In the last few months PiS-affiliated Polish President (Andrzej Duda) and PiS-dominated parliament attempted to undermine the power of the judiciary by changing the opposition appointed Constitutional Court judges and passing amendments that undermine the court’s capacity to make decisions. First, President Duda refused to swear in five new judges appointed by the oppositional Civic Platform (PO), despite his constitutional responsibility to do so. Instead, he swore in five judges chosen by PiS, although the Constitutional Court ruled that three oppositional judges were appointed appropriately and two of them should have been appointed in the next congressional term. In addition to appointing loyal judges, PiS passed amendments to the law on the Constitutional Court such that decisions would require a 2/3 majority of the Court, instead of a simple one. Further, the Court must now take cases according to date of receipt rather than their urgency, and a case must therefore wait for three or six months in the docket before it is taken up. Taken together, these reforms debilitate the Court’s ability to balance the power of the executive branch and to limit its abuse.

The Constitutional Court has responded critically to PiS’s legislative changes, but PiS refused to retreat, bringing the legislature and judiciary to an impasse. In March 2016, the Court ruled that PiS’s amendments were unconstitutional since the Polish Constitution requires only a simple majority in the Court to make decisions. In turn, PiS claimed that the Court’s ruling was unconstitutional because it was not made under the new rules that the PiS-ruled parliament passed in December 2015. For this reason, PiS has refused to publish the Court’s decision, which would make it binding, thereby shirking the parliament’s constitutional responsibility. In its public statements PiS claims that it is correcting the mistakes of the previous ruling party and delivering “good change”, which is PiS’s campaign slogan.
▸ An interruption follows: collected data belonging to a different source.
(* The restriction of $\Theta$ to $\mathbf H_{ho}$ is an isomorphism of graded Hopf algebras $\mathbf H_{ho}\to\mathbf{FQSym}$.
   Context: A rooted forest is a finite graph each of whose components is a tree with a distinguished root; edges are oriented towards the roots, and for distinct vertices $v,w$ we write $v\twoheadrightarrow w$ if there is an oriented path from $v$ to $w$. An ordered forest with $n$ vertices is a rooted forest with a total order on its vertices, identifying the vertex set with $\{1,\dots,n\}$ (isomorphic ordered forests identified); it is heap-ordered if $i\twoheadrightarrow j$ implies $i>j$. $\mathbf H_{ho}$ is the $K$-vector space ($K=\mathbb R$ or $\mathbb C$) with basis heap-ordered forests (including the empty forest $1$), graded by number of vertices, with product $\mathbb F\mathbb G$ = disjoint union where the vertices of $\mathbb F$ (with $k$ vertices) keep labels $1..k$ and vertex $j$ of $\mathbb G$ gets label $k+j$, and coproduct $\Delta(\mathbb F)=\sum_{\vec v\models V(\mathbb F)}\mathrm{Roo}_{\vec v}\mathbb F\otimes\mathrm{Lea}_{\vec v}\mathbb F$, where an admissible cut $\vec v$ is a (possibly empty) set of vertices no two of which satisfy $v\twoheadrightarrow w$, $\mathrm{Lea}_{\vec v}\mathbb F$ is the subforest on $\vec v\cup\{w:\exists v\in\vec v, w\twoheadrightarrow v\}$, $\mathrm{Roo}_{\vec v}\mathbb F$ the subforest on the remaining vertices, both ordered by restriction. $\Sigma_n$ is the symmetric group with $(\sigma\circ\tau)(i)=\sigma(\tau(i))$; $(\sigma\otimes\tau)(i)=\sigma(i)$ for $i\le k$ and $k+\tau(i-k)$ for $i>k$ ($\sigma\in\Sigma_k,\tau\in\Sigma_l$); $Sh(k,l)=\{\zeta\in\Sigma_{k+l}:\zeta^{-1}(1)<\dots<\zeta^{-1}(k),\ \zeta^{-1}(k+1)<\dots<\zeta^{-1}(k+l)\}$. $\mathbf{FQSym}$ is the graded vector space with basis $\bigsqcup_{n\ge0}\Sigma_n$, product $\sigma\cdot\tau=\sum_{\epsilon\in Sh(k,l)}(\sigma\otimes\tau)\circ\epsilon$, coproduct $\Delta(\sigma)=\sum_{k=0}^n\sigma_1^{(k)}\otimes\sigma_2^{(k)}$ where $\sigma_1^{(k)},\sigma_2^{(k)}$ are the standardizations of the words $(\sigma(1),\dots,\sigma(k))$ and $(\sigma(k+1),\dots,\sigma(n))$. For an ordered forest $\mathbb F$ with $n$ vertices, $S_{\mathbb F}=\{\sigma\in\Sigma_n: i\twoheadrightarrow j\Rightarrow\sigma^{-1}(i)>\sigma^{-1}(j)\}$, and $\Theta(\mathbb F)=\sum_{\sigma\in S_{\mathbb F}}\sigma$, extended linearly. *)

theory Defs
  imports Main "HOL.Real_Vector_Spaces"
begin

section \<open>Vectors: finitely supported coefficient functions over a basis\<close>

definition vsupp :: "('b \<Rightarrow> 'k::zero) \<Rightarrow> 'b set" where
  "vsupp v = {b. v b \<noteq> 0}"

text \<open>The K-vector space with basis B: finitely supported functions on B.\<close>
definition fvecs :: "'b set \<Rightarrow> ('b \<Rightarrow> 'k::zero) set" where
  "fvecs B = {v. finite (vsupp v) \<and> vsupp v \<subseteq> B}"

definition delta :: "'b \<Rightarrow> 'b \<Rightarrow> 'k::{zero,one}" where
  "delta x = (\<lambda>y. if y = x then 1 else 0)"

definition lext :: "('b \<Rightarrow> 'c \<Rightarrow> 'k::comm_ring_1) \<Rightarrow> ('b \<Rightarrow> 'k) \<Rightarrow> ('c \<Rightarrow> 'k)" where
  "lext f v = (\<lambda>c. \<Sum>b\<in>vsupp v. v b * f b c)"

definition bext :: "('b \<Rightarrow> 'b \<Rightarrow> 'c \<Rightarrow> 'k::comm_ring_1) \<Rightarrow> ('b \<Rightarrow> 'k) \<Rightarrow> ('b \<Rightarrow> 'k) \<Rightarrow> ('c \<Rightarrow> 'k)" where
  "bext m u v = (\<lambda>c. \<Sum>a\<in>vsupp u. \<Sum>b\<in>vsupp v. u a * v b * m a b c)"

text \<open>Tensor product of two basis-level maps; tensors are vectors on pairs of basis elements.\<close>
definition tens :: "('a \<Rightarrow> 'c \<Rightarrow> 'k::times) \<Rightarrow> ('b \<Rightarrow> 'd \<Rightarrow> 'k) \<Rightarrow> ('a \<times> 'b) \<Rightarrow> ('c \<times> 'd) \<Rightarrow> 'k" where
  "tens f g = (\<lambda>(a, b) (c, d). f a c * g b d)"

text \<open>An ordered forest with n vertices has vertex set {1..n}; it is encoded by the list
  ps of length n where ps!(i-1) is the parent of vertex i (the vertex the edge out of i
  points to, towards the root), and 0 if i is a root. Isomorphic ordered forests have the
  same encoding, so this identifies isomorphic ordered forests.\<close>

definition fedges :: "nat list \<Rightarrow> (nat \<times> nat) set" where
  "fedges ps = {(i, ps ! (i - 1)) | i. 1 \<le> i \<and> i \<le> length ps \<and> ps ! (i - 1) \<noteq> 0}"

text \<open>reach ps contains (v,w) iff v \<twoheadrightarrow> w (oriented path from v to w).\<close>
definition reach :: "nat list \<Rightarrow> (nat \<times> nat) set" where
  "reach ps = (fedges ps)\<^sup>+"

definition ordered_forest :: "nat list \<Rightarrow> bool" where
  "ordered_forest ps \<longleftrightarrow> (\<forall>i < length ps. ps ! i \<le> length ps) \<and> (\<forall>v. (v, v) \<notin> reach ps)"

definition heap_ordered :: "nat list \<Rightarrow> bool" where
  "heap_ordered ps \<longleftrightarrow> ordered_forest ps \<and> (\<forall>i j. (i, j) \<in> reach ps \<longrightarrow> i > j)"

text \<open>The basis of H_ho (including the empty forest []).\<close>
definition HO :: "nat list set" where
  "HO = {ps. heap_ordered ps}"

text \<open>Product of forests: disjoint union, vertices of the second forest shifted by k.\<close>
definition fprod :: "nat list \<Rightarrow> nat list \<Rightarrow> nat list" where
  "fprod ps qs = ps @ map (\<lambda>p. if p = 0 then 0 else p + length ps) qs"

definition admissible_cut :: "nat list \<Rightarrow> nat set \<Rightarrow> bool" where
  "admissible_cut ps vs \<longleftrightarrow> vs \<subseteq> {1..length ps} \<and>
     (\<forall>v\<in>vs. \<forall>w\<in>vs. (v, w) \<notin> reach ps)"

definition lea_set :: "nat list \<Rightarrow> nat set \<Rightarrow> nat set" where
  "lea_set ps vs = vs \<union> {w. \<exists>v\<in>vs. (w, v) \<in> reach ps}"

definition roo_set :: "nat list \<Rightarrow> nat set \<Rightarrow> nat set" where
  "roo_set ps vs = {1..length ps} - lea_set ps vs"

text \<open>Subforest induced on a vertex set S, relabelled by restriction of the order.\<close>
definition restrict_forest :: "nat list \<Rightarrow> nat set \<Rightarrow> nat list" where
  "restrict_forest ps S =
     map (\<lambda>v. let p = ps ! (v - 1) in if p \<in> S then card {u\<in>S. u \<le> p} else 0)
         (sorted_list_of_set S)"

definition Delta_H :: "nat list \<Rightarrow> (nat list \<times> nat list) \<Rightarrow> 'k::comm_ring_1" where
  "Delta_H ps = (\<lambda>x. of_nat (card {vs. admissible_cut ps vs \<and>
        (restrict_forest ps (roo_set ps vs), restrict_forest ps (lea_set ps vs)) = x}))"

definition mult_H :: "(nat list \<Rightarrow> 'k::comm_ring_1) \<Rightarrow> (nat list \<Rightarrow> 'k) \<Rightarrow> (nat list \<Rightarrow> 'k)" where
  "mult_H u v = bext (\<lambda>F G. delta (fprod F G)) u v"

definition comult_H :: "(nat list \<Rightarrow> 'k::comm_ring_1) \<Rightarrow> (nat list \<times> nat list \<Rightarrow> 'k)" where
  "comult_H u = lext Delta_H u"

text \<open>Counit: linear extension of F \<mapsto> 1 if F is empty, 0 otherwise.\<close>
definition counit :: "(nat list \<Rightarrow> 'k::comm_ring_1) \<Rightarrow> 'k" where
  "counit u = u []"

text \<open>A permutation sigma of {1..n} is encoded as the list [sigma(1), ..., sigma(n)].\<close>
definition perm_list :: "nat list \<Rightarrow> bool" where
  "perm_list xs \<longleftrightarrow> distinct xs \<and> set xs = {1..length xs}"

definition FQ :: "nat list set" where
  "FQ = {xs. perm_list xs}"

text \<open>pos s i = s^{-1}(i) (1-based position of value i in the list s).\<close>
definition pos :: "nat list \<Rightarrow> nat \<Rightarrow> nat" where
  "pos s i = Suc (LEAST k. k < length s \<and> s ! k = i)"

text \<open>(s o t)(i) = s(t(i)).\<close>
definition pcomp :: "nat list \<Rightarrow> nat list \<Rightarrow> nat list" where
  "pcomp s t = map (\<lambda>i. s ! (i - 1)) t"

definition ptens :: "nat list \<Rightarrow> nat list \<Rightarrow> nat list" where
  "ptens s t = s @ map (\<lambda>x. x + length s) t"

definition shuffles :: "nat \<Rightarrow> nat \<Rightarrow> nat list set" where
  "shuffles k l = {z. perm_list z \<and> length z = k + l \<and>
      (\<forall>a b. 1 \<le> a \<and> a < b \<and> b \<le> k \<longrightarrow> pos z a < pos z b) \<and>
      (\<forall>a b. k + 1 \<le> a \<and> a < b \<and> b \<le> k + l \<longrightarrow> pos z a < pos z b)}"

definition pprod :: "nat list \<Rightarrow> nat list \<Rightarrow> nat list \<Rightarrow> 'k::comm_ring_1" where
  "pprod s t = (\<lambda>r. of_nat (card {e \<in> shuffles (length s) (length t). pcomp (ptens s t) e = r}))"

definition std :: "nat list \<Rightarrow> nat list" where
  "std w = map (\<lambda>x. card {y \<in> set w. y \<le> x}) w"

definition Delta_FQ :: "nat list \<Rightarrow> (nat list \<times> nat list) \<Rightarrow> 'k::comm_ring_1" where
  "Delta_FQ s = (\<lambda>x. of_nat (card {k. k \<le> length s \<and> (std (take k s), std (drop k s)) = x}))"

definition mult_FQ :: "(nat list \<Rightarrow> 'k::comm_ring_1) \<Rightarrow> (nat list \<Rightarrow> 'k) \<Rightarrow> (nat list \<Rightarrow> 'k)" where
  "mult_FQ u v = bext pprod u v"

definition comult_FQ :: "(nat list \<Rightarrow> 'k::comm_ring_1) \<Rightarrow> (nat list \<times> nat list \<Rightarrow> 'k)" where
  "comult_FQ u = lext Delta_FQ u"

definition S_F :: "nat list \<Rightarrow> nat list set" where
  "S_F ps = {s. perm_list s \<and> length s = length ps \<and>
      (\<forall>i j. (i, j) \<in> reach ps \<longrightarrow> pos s i > pos s j)}"

definition Theta :: "nat list \<Rightarrow> nat list \<Rightarrow> 'k::comm_ring_1" where
  "Theta ps = (\<lambda>s. if s \<in> S_F ps then 1 else 0)"

definition Theta_lin :: "(nat list \<Rightarrow> 'k::comm_ring_1) \<Rightarrow> (nat list \<Rightarrow> 'k)" where
  "Theta_lin v = lext Theta v"

end

theory Submission
  imports Defs
begin

text \<open>
  The basic tool is the relation \<open>before w x y\<close> (\<open>x\<close> occurs before \<open>y\<close> in the word \<open>w\<close>):
  \<open>s \<in> S_F\<close> iff every parent occurs in \<open>s\<close> before its children.  Then:
  \<^item> grading, unit and counit are immediate, since \<open>S_F\<close> consists of permutations of size \<open>|F|\<close>
    and \<open>S_\<emptyset> = {\<emptyset>}\<close>;
  \<^item> product: in \<open>\<sigma> \<cdot> \<tau>\<close> a permutation \<open>r\<close> occurs at most once, namely iff it unshuffles
    into \<open>(\<sigma>, \<tau>)\<close>; unshuffling maps \<open>S_{FG}\<close> bijectively onto \<open>S_F \<times> S_G\<close>;
  \<^item> coproduct: for fixed \<open>(c, d)\<close>, admissible cuts \<open>v\<close> with \<open>c \<in> S_{Roo}\<close>, \<open>d \<in> S_{Lea}\<close>
    are in bijection with pairs \<open>(s, k)\<close>, \<open>s \<in> S_F\<close>, whose two segments at \<open>k\<close> standardize
    to \<open>c\<close> and \<open>d\<close> (the cut is the set of minimal vertices of the final segment);
  \<^item> bijectivity: in degree \<open>n+1\<close> attach the vertex \<open>n+1\<close> to \<open>p\<close> and insert the letter
    \<open>n+1\<close> after position \<open>m\<close>; then \<open>\<Theta>\<close> is triangular (\<open>Theta_ins\<close>) and injectivity and
    surjectivity follow degreewise by induction on \<open>n\<close>.
  The linear-algebra statements are reduced to these basis-level facts by expanding the
  linear extensions over finite supersets of the supports.
\<close>

section \<open>Relative order of letters in a word\<close>

text \<open>Permutations are words; the statement compares positions \<open>pos s i = s\<inverse>(i)\<close>.  For
  distinct words this is the same as the purely combinatorial relation ``\<open>x\<close> occurs before
  \<open>y\<close>'', which behaves well under appending, filtering and relabelling.\<close>

definition before :: "nat list \<Rightarrow> nat \<Rightarrow> nat \<Rightarrow> bool" where
  "before w x y \<longleftrightarrow> (\<exists>u v. w = u @ v \<and> x \<in> set u \<and> y \<in> set v)"

lemma pos_nth: "distinct w \<Longrightarrow> i < length w \<Longrightarrow> pos w (w!i) = Suc i"
  unfolding pos_def
  by (rule arg_cong[where f=Suc], rule Least_equality) (auto simp: nth_eq_iff_index_eq)

lemma pos_in:
  assumes "distinct w" "x \<in> set w"
  shows "1 \<le> pos w x \<and> pos w x \<le> length w \<and> w!(pos w x - 1) = x"
proof -
  obtain i where "i < length w" "x = w!i" using assms(2) by (auto simp: in_set_conv_nth)
  thus ?thesis using pos_nth[OF assms(1)] by simp
qed

lemma pos_map:
  assumes "inj_on h (set r)" "distinct r" "x \<in> set r"
  shows "pos (map h r) (h x) = pos r x"
proof -
  obtain i where i: "i < length r" "x = r!i" using assms(3) by (auto simp: in_set_conv_nth)
  have "distinct (map h r)" using assms by (simp add: distinct_map)
  hence "pos (map h r) (map h r ! i) = Suc i" using i pos_nth[of "map h r" i] by simp
  moreover have "pos r (r!i) = Suc i" using i assms pos_nth by simp
  ultimately show ?thesis using i by simp
qed

lemma pos_less_iff_before:
  assumes d: "distinct w" and x: "x \<in> set w" and y: "y \<in> set w"
  shows "pos w x < pos w y \<longleftrightarrow> before w x y"
proof -
  obtain i where i: "i < length w" "x = w!i" using x by (auto simp: in_set_conv_nth)
  obtain j where j: "j < length w" "y = w!j" using y by (auto simp: in_set_conv_nth)
  have px: "pos w x = Suc i" and py: "pos w y = Suc j" using i j d pos_nth by simp_all
  show ?thesis
  proof
    assume "pos w x < pos w y"
    hence ij: "i < j" using px py by simp
    have "x \<in> set (take j w)" using i ij j by (auto simp: in_set_conv_nth intro!: exI[of _ i])
    moreover have "y \<in> set (drop j w)" using j by (auto simp: in_set_conv_nth intro!: exI[of _ 0])
    ultimately show "before w x y" unfolding before_def by (metis append_take_drop_id)
  next
    assume "before w x y"
    then obtain u v where uv: "w = u @ v" "x \<in> set u" "y \<in> set v" unfolding before_def by blast
    obtain a where a: "a < length u" "x = u!a" using uv by (auto simp: in_set_conv_nth)
    obtain b where b: "b < length v" "y = v!b" using uv by (auto simp: in_set_conv_nth)
    have "w!a = x" using a uv by (simp add: nth_append)
    hence "a = i" using d i a uv by (simp add: nth_eq_iff_index_eq)
    have "w!(length u + b) = y" using b uv by (simp add: nth_append)
    hence "length u + b = j" using d j b uv nth_eq_iff_index_eq[of w "length u + b" j] by simp
    thus "pos w x < pos w y" using px py \<open>a = i\<close> a by simp
  qed
qed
Numerous Polish institutions, foreign governments, and transnational bodies have warned about the threat this crisis poses to Polish rule of law and democracy. On March 11, the Council of Europe’s Venice Commission concluded that PiS’s constitutional reforms “endanger not only the rule of law, but also the functioning of the democratic system” (Venice Commission Opinion no. 833/2015). On April 13, the European Parliament passed a resolution that says it is “seriously concerned that the effective paralysis of the Constitutional Tribunal in Poland poses a danger to democracy, human rights and the rule of law” (EP Resolution 2015/3031(RSP)). The European Parliament reminds Poland that under the Treaty on European Union it is obligated to maintain democratic rule of law as a member state of the EU. In a letter to Prime Minister Szydło, US Senators John McCain (R-AZ), Ben Cardin (D-MD) and Richard Durbin (D-IL) expressed similar concerns that PiS’s reforms can “diminish democratic norms, including the rule of law” (Associated Press 2/15/16).
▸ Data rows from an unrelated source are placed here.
lemma roll_cong:
  assumes "\<And>j ys. 1 \<le> j \<Longrightarrow> j \<le> k \<Longrightarrow> length ys = j \<Longrightarrow> \<pi> j ys = \<pi>' j ys"
  shows "roll init T q \<pi> k = roll init T q \<pi>' k"
  using assms
proof (induction k)
  case (Suc k)
  have "\<pi> (Suc k) (snd z @ [x]) = \<pi>' (Suc k) (snd z @ [x])" if "z \<in> set_pmf (roll init T q \<pi> k)" for z x
    using Suc.prems[of "Suc k" "snd z @ [x]"] length_of_set_pmf_roll[of "fst z" "snd z" init T q \<pi> k] that
    by simp
  with Suc show ?case
    by (auto simp: split_beta intro!: bind_pmf_cong)
qed simp

lemma sample_triple_cong:
  "(\<And>j ys. 1 \<le> j \<Longrightarrow> j \<le> h - 1 \<Longrightarrow> length ys = j \<Longrightarrow> \<pi> j ys = \<pi>' j ys) \<Longrightarrow>
   sample_triple A init T q \<pi> h = sample_triple A init T q \<pi>' h"
  unfolding sample_triple_def using roll_cong[of "h - 1" \<pi> \<pi>' init T q] by simp

lemma set_pmf_sample_triple:
  assumes "y \<in> set_pmf (sample_triple A init T q \<pi> h)" "finite A" "A \<noteq> {}"
  obtains s xs x a s' x' where "y = (x, a, x')" "(s, xs) \<in> set_pmf (roll init T q \<pi> (h - 1))"
    "x \<in> set_pmf (q s)" "a \<in> A" "s' \<in> set_pmf (T h s a)" "x' \<in> set_pmf (q s')"
  using assms unfolding sample_triple_def by (force simp: set_pmf_of_set split_beta)

lemma expectation_roll_Suc:
  fixes G :: "'s \<times> 'x list \<Rightarrow> real"
  assumes "\<And>z. \<bar>G z\<bar> \<le> B"
  shows "measure_pmf.expectation (roll init T q \<pi> (Suc k)) G =
    measure_pmf.expectation (roll init T q \<pi> k) (\<lambda>(s, xs). measure_pmf.expectation (q s) (\<lambda>x.
       measure_pmf.expectation (T (Suc k) s (\<pi> (Suc k) (xs @ [x]))) (\<lambda>s'. G (s', xs @ [x]))))"
  unfolding roll.simps
  by (subst expectation_bind_pmf[where B=B], rule assms)
     (auto simp: split_beta expectation_bind_pmf[where B=B] assms intro!: Bochner_Integration.integral_cong)

lemma expectation_sample_triple:
  fixes G :: "'x \<times> 'a \<times> 'x \<Rightarrow> real"
  assumes "\<And>y. \<bar>G y\<bar> \<le> B"
  shows "measure_pmf.expectation (sample_triple A init T q \<pi> h) G =
    measure_pmf.expectation (roll init T q \<pi> (h - 1)) (\<lambda>(s, xs). measure_pmf.expectation (q s) (\<lambda>x.
      measure_pmf.expectation (pmf_of_set A) (\<lambda>a. measure_pmf.expectation (T h s a) (\<lambda>s'.
        measure_pmf.expectation (q s') (\<lambda>x'. G (x, a, x'))))))"
  unfolding sample_triple_def
  by (subst expectation_bind_pmf[where B=B], rule assms)
     (auto simp: split_beta expectation_bind_pmf[where B=B] assms intro!: Bochner_Integration.integral_cong)

lemma nn_integral_sample_triple_mono:
  fixes G1 G2 :: "'x \<times> 'a \<times> 'x \<Rightarrow> ennreal"
  assumes "\<And>s xs x. (s, xs) \<in> set_pmf (roll init T q \<pi> (h - 1)) \<Longrightarrow> x \<in> set_pmf (q s) \<Longrightarrow>
    (\<integral>\<^sup>+a. \<integral>\<^sup>+s'. \<integral>\<^sup>+x'. G1 (x, a, x') \<partial>q s' \<partial>T h s a \<partial>pmf_of_set A) \<le>
    (\<integral>\<^sup>+a. \<integral>\<^sup>+s'. \<integral>\<^sup>+x'. G2 (x, a, x') \<partial>q s' \<partial>T h s a \<partial>pmf_of_set A)"
  shows "(\<integral>\<^sup>+y. G1 y \<partial>sample_triple A init T q \<pi> h) \<le> (\<integral>\<^sup>+y. G2 y \<partial>sample_triple A init T q \<pi> h)"
  unfolding sample_triple_def using assms
  by (auto simp: split_beta' AE_measure_pmf_iff intro!: nn_integral_mono_AE)

section \<open>Value of the learned policy\<close>

definition obs_value ::
  "(nat \<Rightarrow> 's \<Rightarrow> 'a \<Rightarrow> 's pmf) \<Rightarrow> (nat \<Rightarrow> 's \<Rightarrow> 'a \<Rightarrow> real) \<Rightarrow> ('s \<Rightarrow> 'x pmf) \<Rightarrow> (nat \<Rightarrow> 'x list \<Rightarrow> 'a)
    \<Rightarrow> nat \<Rightarrow> nat \<Rightarrow> 'x list \<Rightarrow> 's \<Rightarrow> 'x \<Rightarrow> real" where
  "obs_value T R q \<pi> k h xs s x = R h s (\<pi> h (xs @ [x])) +
     measure_pmf.expectation (T h s (\<pi> h (xs @ [x]))) (vtail T R q \<pi> k (Suc h) (xs @ [x]))"

lemma vtail_0 [simp]: "vtail T R q \<pi> 0 h xs = (\<lambda>s. 0)"
  by (rule ext) simp

lemma vtail_Suc_eq_obs_value:
  "vtail T R q \<pi> (Suc k) h xs = (\<lambda>s. measure_pmf.expectation (q s) (obs_value T R q \<pi> k h xs s))"
  unfolding obs_value_def[abs_def] by (rule ext) simp

fun expected_mistakes ::
  "(nat \<Rightarrow> 's \<Rightarrow> 'a \<Rightarrow> 's pmf) \<Rightarrow> ('s \<Rightarrow> 'x pmf) \<Rightarrow> (nat \<Rightarrow> 'x list \<Rightarrow> 'a) \<Rightarrow> (nat \<Rightarrow> 'x \<Rightarrow> 'x \<Rightarrow> bool)
    \<Rightarrow> nat \<Rightarrow> nat \<Rightarrow> 'x list \<Rightarrow> 's \<Rightarrow> 'x \<Rightarrow> real" where
  "expected_mistakes T q \<pi> mis 0 h xs s x = 0"
| "expected_mistakes T q \<pi> mis (Suc k) h xs s x =
     measure_pmf.expectation (T h s (\<pi> h (xs @ [x]))) (\<lambda>s'. measure_pmf.expectation (q s')
       (\<lambda>x'. (if mis h x x' then 1 else 0) + expected_mistakes T q \<pi> mis k (Suc h) (xs @ [x]) s' x'))"

lemma expected_mistakes_bounds:
  "0 \<le> expected_mistakes T q \<pi> mis k h xs s x \<and> expected_mistakes T q \<pi> mis k h xs s x \<le> real k"
proof (induction k arbitrary: h xs s x)
  case (Suc k)
  have "0 \<le> measure_pmf.expectation (q s')
      (\<lambda>x'. (if mis h x x' then 1 else 0) + expected_mistakes T q \<pi> mis k (Suc h) (xs @ [x]) s' x')
    \<and> measure_pmf.expectation (q s')
      (\<lambda>x'. (if mis h x x' then 1 else 0) + expected_mistakes T q \<pi> mis k (Suc h) (xs @ [x]) s' x')
    \<le> real (Suc k)" for s'
  proof (rule expectation_bounds)
    fix x' show "0 \<le> (if mis h x x' then 1 else 0) + expected_mistakes T q \<pi> mis k (Suc h) (xs @ [x]) s' x'
      \<and> (if mis h x x' then 1 else 0) + expected_mistakes T q \<pi> mis k (Suc h) (xs @ [x]) s' x' \<le> real (Suc k)"
      using Suc.IH[of "Suc h" "xs @ [x]" s' x'] by auto
  qed
  then show ?case
    by (simp only: expected_mistakes.simps) (rule expectation_bounds, blast)
qed simp

lemma abs_expected_mistakes_le: "\<bar>expected_mistakes T q \<pi> mis k h xs s x\<bar> \<le> real k"
  using expected_mistakes_bounds[of T q \<pi> mis k h xs s x] by simp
Polish civil society has expressed its concern as well by taking to the streets. In November 2015 the liberal, left, and center opposition parties founded the Committee for the Defense of Democracy (KOD) to protest PiS’s actions. Every Saturday, it organizes protests across Poland, rain or shine. Citizens participate in the protests to let PiS know that its electoral mandate does not allow it to hijack the institutions of democracy that Poland so dearly fought for throughout the 20th century. On May 7, the demonstrations in Warsaw gathered, according to city authorities, almost a quarter of a million people, making it the largest civic protest since 1989.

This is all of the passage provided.